■ Exercise
Below this line is a set of entries; quote exactly the lines from the line that contains "For a triple" to the line that contains "shows that D2(q)/q\<^sup>2", both lines included.

■ Exercise data
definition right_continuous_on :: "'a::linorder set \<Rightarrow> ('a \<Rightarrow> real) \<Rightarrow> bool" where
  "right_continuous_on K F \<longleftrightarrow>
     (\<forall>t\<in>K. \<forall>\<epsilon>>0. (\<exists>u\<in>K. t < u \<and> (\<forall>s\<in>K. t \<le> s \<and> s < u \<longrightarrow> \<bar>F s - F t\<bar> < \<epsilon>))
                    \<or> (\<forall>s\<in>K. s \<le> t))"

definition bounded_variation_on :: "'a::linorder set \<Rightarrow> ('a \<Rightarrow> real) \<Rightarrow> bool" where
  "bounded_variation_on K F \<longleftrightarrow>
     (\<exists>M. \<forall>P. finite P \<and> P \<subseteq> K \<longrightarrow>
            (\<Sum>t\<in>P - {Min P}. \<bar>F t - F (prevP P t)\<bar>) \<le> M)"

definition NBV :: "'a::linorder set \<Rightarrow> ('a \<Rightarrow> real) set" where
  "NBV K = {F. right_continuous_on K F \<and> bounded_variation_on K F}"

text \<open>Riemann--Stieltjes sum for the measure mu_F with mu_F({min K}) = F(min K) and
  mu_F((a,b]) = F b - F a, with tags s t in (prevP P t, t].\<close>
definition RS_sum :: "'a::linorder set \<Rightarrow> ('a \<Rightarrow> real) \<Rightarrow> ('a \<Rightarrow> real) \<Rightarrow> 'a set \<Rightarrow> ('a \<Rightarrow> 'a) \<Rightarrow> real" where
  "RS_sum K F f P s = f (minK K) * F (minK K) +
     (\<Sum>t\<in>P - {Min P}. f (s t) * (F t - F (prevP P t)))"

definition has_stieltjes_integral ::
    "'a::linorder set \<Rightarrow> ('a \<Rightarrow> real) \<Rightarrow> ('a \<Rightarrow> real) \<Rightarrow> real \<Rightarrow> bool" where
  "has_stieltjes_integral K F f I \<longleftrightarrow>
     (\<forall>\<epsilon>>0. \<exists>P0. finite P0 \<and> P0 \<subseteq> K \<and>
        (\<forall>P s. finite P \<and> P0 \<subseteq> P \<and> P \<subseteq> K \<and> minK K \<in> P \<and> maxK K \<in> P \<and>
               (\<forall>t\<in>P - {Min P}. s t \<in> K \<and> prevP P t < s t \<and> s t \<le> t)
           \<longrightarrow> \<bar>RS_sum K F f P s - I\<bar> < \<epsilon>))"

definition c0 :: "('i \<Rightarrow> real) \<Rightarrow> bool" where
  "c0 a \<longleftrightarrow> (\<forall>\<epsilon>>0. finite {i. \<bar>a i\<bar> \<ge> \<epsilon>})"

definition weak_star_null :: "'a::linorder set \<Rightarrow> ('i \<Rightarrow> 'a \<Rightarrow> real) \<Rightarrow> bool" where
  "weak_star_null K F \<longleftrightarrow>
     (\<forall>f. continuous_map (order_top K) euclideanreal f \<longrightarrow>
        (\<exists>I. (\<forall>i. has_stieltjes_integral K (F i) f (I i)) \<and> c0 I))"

---

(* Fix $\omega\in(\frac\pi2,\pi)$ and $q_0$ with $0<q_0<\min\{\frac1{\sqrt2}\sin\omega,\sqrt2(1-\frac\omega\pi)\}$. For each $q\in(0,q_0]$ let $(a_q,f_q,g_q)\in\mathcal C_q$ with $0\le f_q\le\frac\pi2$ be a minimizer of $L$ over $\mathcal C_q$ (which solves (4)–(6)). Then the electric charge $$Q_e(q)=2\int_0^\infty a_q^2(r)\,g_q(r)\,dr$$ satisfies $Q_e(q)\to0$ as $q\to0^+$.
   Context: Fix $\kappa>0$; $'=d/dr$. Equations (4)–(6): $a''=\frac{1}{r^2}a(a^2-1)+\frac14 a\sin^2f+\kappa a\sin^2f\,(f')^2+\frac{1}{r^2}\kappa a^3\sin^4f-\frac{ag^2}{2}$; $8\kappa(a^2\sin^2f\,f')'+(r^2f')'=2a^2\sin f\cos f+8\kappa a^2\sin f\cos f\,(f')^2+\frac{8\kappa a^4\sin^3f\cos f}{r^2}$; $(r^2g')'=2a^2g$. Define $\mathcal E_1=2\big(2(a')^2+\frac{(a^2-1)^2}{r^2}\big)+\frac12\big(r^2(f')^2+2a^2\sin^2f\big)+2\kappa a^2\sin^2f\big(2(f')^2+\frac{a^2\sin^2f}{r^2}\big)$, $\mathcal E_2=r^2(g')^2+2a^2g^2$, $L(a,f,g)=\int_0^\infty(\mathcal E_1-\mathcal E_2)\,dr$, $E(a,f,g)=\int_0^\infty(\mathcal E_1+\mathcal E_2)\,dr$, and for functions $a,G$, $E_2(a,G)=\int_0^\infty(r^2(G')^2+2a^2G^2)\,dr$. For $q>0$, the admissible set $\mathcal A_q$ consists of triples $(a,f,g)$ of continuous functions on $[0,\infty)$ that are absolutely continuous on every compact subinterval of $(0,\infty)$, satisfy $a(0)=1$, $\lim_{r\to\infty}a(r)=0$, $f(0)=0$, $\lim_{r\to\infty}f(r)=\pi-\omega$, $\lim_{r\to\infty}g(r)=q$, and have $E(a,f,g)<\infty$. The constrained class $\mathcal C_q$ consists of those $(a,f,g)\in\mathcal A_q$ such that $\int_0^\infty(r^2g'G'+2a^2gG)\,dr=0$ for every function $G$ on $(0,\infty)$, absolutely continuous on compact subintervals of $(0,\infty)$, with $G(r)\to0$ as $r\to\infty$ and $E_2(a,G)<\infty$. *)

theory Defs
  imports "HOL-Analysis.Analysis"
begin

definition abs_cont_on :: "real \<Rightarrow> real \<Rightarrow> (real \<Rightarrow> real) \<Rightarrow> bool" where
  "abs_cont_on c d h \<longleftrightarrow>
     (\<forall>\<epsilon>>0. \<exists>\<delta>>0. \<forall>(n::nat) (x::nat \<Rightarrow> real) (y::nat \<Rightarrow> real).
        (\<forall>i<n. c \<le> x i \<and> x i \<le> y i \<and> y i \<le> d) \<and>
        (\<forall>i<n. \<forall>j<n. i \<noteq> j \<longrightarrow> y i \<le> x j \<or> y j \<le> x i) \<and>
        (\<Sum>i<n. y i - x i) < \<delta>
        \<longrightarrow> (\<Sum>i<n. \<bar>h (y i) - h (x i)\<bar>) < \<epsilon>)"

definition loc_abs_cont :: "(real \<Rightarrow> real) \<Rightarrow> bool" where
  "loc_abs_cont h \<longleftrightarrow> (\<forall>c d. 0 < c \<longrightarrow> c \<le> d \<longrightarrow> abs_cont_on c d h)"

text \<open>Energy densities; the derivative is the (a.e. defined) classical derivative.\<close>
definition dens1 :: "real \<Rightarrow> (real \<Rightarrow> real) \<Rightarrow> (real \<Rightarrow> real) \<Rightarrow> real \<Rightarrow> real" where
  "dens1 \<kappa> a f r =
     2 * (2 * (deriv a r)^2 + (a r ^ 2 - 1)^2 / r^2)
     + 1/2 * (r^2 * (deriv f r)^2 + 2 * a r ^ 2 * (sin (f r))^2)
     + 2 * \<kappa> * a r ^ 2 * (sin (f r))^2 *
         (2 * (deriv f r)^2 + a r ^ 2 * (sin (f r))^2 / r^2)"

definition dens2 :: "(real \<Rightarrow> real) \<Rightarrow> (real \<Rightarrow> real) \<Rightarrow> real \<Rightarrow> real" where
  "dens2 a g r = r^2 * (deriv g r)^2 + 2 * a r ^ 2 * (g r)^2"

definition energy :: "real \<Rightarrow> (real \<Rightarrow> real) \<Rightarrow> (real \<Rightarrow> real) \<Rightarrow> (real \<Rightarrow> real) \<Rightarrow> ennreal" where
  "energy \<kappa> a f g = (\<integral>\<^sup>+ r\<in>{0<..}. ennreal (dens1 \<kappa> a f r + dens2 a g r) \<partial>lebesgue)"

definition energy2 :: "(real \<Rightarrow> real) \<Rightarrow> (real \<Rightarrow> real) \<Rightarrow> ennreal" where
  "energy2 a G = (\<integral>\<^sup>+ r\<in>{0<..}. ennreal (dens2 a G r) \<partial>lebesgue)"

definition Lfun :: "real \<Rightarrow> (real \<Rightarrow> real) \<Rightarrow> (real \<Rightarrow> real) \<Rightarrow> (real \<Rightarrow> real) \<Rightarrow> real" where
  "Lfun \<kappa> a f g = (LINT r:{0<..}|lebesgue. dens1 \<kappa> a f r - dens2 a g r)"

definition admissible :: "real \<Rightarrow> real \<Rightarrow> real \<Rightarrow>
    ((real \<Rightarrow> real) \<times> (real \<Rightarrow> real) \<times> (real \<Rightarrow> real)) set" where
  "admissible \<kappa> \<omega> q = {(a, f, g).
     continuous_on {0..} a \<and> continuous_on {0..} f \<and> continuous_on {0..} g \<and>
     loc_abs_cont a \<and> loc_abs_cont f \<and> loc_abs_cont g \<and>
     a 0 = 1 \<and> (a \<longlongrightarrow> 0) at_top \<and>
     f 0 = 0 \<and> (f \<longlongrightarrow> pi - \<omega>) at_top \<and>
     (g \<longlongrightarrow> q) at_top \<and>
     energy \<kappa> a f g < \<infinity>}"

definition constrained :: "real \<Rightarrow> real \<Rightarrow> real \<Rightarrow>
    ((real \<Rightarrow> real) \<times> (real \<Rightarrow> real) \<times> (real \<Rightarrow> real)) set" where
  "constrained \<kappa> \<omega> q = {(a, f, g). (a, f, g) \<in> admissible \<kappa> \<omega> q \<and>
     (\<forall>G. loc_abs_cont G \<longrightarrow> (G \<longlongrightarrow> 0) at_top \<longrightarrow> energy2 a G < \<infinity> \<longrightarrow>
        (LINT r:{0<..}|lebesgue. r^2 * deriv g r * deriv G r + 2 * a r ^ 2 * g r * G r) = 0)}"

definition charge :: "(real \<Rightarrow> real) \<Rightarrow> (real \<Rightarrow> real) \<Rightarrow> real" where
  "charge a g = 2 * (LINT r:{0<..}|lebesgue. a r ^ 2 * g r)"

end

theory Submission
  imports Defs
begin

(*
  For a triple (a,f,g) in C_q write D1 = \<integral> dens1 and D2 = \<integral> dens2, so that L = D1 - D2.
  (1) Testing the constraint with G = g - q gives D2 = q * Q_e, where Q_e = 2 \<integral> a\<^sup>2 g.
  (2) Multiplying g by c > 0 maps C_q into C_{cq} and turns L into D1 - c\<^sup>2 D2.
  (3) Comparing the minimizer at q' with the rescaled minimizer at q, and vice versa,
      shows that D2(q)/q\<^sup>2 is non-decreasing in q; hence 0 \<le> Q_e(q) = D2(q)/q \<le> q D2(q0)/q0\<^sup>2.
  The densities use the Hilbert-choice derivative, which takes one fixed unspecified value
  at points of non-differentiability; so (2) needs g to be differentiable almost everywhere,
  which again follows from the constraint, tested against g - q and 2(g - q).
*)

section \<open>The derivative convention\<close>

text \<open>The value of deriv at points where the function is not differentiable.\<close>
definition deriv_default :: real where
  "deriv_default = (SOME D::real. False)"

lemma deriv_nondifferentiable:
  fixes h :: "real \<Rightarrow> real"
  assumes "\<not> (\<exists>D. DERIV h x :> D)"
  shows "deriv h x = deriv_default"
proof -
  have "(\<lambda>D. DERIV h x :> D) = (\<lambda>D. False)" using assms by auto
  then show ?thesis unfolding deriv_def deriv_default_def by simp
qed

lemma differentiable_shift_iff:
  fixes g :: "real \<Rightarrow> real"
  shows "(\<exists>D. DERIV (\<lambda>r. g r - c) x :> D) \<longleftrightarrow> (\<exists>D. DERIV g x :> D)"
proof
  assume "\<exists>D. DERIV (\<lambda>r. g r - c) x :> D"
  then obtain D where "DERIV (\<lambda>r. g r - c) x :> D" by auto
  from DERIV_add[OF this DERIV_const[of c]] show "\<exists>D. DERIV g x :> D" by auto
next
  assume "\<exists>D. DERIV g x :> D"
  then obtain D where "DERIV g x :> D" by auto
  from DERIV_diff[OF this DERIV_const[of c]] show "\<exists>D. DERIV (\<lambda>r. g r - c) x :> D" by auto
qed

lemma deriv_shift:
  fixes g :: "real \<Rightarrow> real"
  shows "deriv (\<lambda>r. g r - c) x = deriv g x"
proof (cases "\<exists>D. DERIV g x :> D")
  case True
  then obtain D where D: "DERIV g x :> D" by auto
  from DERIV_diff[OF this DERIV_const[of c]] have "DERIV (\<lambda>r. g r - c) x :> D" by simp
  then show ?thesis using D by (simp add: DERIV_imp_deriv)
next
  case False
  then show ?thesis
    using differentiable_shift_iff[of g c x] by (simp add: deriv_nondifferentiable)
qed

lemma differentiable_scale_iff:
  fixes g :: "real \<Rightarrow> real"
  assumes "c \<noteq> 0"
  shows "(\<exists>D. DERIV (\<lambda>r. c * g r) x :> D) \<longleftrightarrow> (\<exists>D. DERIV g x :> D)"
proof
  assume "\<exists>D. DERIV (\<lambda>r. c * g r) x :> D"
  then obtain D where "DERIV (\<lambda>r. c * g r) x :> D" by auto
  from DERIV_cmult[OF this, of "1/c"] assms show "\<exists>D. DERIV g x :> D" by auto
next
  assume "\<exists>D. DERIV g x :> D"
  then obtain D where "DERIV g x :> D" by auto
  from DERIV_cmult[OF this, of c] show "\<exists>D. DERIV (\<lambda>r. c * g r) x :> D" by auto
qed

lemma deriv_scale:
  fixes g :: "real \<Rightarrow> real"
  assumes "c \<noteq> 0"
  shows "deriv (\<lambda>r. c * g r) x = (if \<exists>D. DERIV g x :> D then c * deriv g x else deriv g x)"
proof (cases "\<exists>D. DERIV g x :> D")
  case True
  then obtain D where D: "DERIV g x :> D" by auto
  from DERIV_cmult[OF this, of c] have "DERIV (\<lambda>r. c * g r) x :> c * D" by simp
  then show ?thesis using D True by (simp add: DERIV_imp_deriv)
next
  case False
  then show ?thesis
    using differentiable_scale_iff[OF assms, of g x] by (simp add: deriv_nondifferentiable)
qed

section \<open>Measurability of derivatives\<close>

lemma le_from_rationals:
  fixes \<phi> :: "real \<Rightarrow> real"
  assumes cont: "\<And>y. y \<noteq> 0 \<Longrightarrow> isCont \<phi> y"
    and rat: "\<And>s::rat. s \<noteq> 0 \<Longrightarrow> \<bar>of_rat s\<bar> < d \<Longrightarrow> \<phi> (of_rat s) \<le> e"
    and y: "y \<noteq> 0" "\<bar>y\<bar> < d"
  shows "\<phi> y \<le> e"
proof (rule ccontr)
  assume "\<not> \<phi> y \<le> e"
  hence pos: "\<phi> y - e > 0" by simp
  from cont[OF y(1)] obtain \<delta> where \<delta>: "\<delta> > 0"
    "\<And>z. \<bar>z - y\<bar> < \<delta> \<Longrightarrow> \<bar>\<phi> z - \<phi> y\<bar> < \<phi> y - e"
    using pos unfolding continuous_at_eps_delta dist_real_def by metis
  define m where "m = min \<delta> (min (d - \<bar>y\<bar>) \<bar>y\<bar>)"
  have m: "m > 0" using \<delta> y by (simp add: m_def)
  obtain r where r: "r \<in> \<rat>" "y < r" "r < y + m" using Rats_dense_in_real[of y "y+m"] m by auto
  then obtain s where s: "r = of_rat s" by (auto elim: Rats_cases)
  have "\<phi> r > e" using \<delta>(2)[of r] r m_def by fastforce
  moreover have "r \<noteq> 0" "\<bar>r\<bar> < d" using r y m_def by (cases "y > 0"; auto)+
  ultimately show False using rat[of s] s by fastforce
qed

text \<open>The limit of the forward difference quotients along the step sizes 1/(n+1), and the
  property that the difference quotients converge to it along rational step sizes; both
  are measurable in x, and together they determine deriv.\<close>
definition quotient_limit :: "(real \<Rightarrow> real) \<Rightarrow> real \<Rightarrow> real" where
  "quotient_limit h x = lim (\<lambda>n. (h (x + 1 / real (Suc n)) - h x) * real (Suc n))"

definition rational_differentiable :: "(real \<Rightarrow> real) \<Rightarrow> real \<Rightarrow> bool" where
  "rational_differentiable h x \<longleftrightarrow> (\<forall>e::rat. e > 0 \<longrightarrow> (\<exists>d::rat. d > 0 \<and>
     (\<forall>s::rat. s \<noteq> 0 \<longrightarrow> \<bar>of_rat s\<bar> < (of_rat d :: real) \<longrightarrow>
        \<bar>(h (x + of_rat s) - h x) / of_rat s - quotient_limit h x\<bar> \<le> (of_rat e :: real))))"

...

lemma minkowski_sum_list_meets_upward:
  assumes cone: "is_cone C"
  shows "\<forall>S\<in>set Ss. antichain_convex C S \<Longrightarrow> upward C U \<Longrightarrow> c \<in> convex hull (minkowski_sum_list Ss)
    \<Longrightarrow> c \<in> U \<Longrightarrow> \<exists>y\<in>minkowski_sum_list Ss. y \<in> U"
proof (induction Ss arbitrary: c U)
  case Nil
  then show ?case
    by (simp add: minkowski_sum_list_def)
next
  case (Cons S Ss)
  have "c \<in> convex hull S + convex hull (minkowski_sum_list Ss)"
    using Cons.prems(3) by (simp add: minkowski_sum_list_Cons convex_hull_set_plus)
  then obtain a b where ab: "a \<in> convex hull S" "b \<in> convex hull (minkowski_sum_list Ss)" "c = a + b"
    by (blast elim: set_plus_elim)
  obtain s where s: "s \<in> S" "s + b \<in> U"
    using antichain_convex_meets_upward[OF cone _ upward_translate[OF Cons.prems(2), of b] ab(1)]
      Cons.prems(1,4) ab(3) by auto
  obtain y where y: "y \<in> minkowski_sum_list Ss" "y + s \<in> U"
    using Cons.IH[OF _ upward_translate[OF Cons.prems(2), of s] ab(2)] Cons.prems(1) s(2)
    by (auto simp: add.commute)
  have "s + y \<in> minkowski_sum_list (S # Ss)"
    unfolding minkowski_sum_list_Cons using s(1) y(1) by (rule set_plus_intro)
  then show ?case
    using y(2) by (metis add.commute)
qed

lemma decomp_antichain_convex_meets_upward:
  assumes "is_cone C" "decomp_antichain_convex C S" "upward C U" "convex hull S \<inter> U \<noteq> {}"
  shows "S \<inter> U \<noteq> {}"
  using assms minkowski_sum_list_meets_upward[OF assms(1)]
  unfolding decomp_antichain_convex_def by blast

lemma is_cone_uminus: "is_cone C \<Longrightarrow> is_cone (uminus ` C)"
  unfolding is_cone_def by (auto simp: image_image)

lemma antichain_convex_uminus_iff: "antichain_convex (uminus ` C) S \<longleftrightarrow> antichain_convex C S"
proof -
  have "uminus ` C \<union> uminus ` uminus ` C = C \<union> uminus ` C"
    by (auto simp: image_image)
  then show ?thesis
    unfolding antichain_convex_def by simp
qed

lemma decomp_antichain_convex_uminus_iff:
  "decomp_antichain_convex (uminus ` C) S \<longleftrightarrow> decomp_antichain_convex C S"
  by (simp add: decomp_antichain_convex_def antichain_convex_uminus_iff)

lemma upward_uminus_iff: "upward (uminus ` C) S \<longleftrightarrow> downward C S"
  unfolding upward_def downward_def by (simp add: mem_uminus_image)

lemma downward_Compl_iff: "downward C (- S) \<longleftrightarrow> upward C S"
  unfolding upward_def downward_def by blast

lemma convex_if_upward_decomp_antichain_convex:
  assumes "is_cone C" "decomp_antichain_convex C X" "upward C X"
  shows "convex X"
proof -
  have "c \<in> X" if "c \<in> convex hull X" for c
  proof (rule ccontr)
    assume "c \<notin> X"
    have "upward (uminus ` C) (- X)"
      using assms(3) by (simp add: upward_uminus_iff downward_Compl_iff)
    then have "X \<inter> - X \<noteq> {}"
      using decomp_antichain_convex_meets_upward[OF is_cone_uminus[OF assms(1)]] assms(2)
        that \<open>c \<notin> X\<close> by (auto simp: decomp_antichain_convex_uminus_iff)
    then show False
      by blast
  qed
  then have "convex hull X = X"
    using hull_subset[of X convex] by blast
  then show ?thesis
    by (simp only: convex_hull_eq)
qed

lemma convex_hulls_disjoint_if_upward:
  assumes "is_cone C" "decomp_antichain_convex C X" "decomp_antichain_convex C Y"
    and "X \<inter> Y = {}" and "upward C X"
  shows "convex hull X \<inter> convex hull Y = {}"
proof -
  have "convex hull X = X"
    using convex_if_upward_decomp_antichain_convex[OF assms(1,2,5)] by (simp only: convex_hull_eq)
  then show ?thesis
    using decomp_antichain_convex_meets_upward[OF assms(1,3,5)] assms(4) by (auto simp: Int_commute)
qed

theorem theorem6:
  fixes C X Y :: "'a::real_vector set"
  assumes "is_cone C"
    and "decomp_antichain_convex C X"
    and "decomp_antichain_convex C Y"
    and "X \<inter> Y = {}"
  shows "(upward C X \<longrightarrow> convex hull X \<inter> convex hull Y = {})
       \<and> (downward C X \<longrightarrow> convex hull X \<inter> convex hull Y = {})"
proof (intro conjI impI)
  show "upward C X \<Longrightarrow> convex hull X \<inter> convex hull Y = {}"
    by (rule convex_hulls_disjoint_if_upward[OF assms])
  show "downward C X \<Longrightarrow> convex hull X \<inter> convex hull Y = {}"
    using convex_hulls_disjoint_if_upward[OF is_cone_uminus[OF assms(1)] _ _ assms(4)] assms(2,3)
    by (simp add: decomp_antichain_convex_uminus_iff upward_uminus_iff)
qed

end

■ Exercise solution
  For a triple (a,f,g) in C_q write D1 = \<integral> dens1 and D2 = \<integral> dens2, so that L = D1 - D2.
  (1) Testing the constraint with G = g - q gives D2 = q * Q_e, where Q_e = 2 \<integral> a\<^sup>2 g.
  (2) Multiplying g by c > 0 maps C_q into C_{cq} and turns L into D1 - c\<^sup>2 D2.
  (3) Comparing the minimizer at q' with the rescaled minimizer at q, and vice versa,
      shows that D2(q)/q\<^sup>2 is non-decreasing in q; hence 0 \<le> Q_e(q) = D2(q)/q \<le> q D2(q0)/q0\<^sup>2.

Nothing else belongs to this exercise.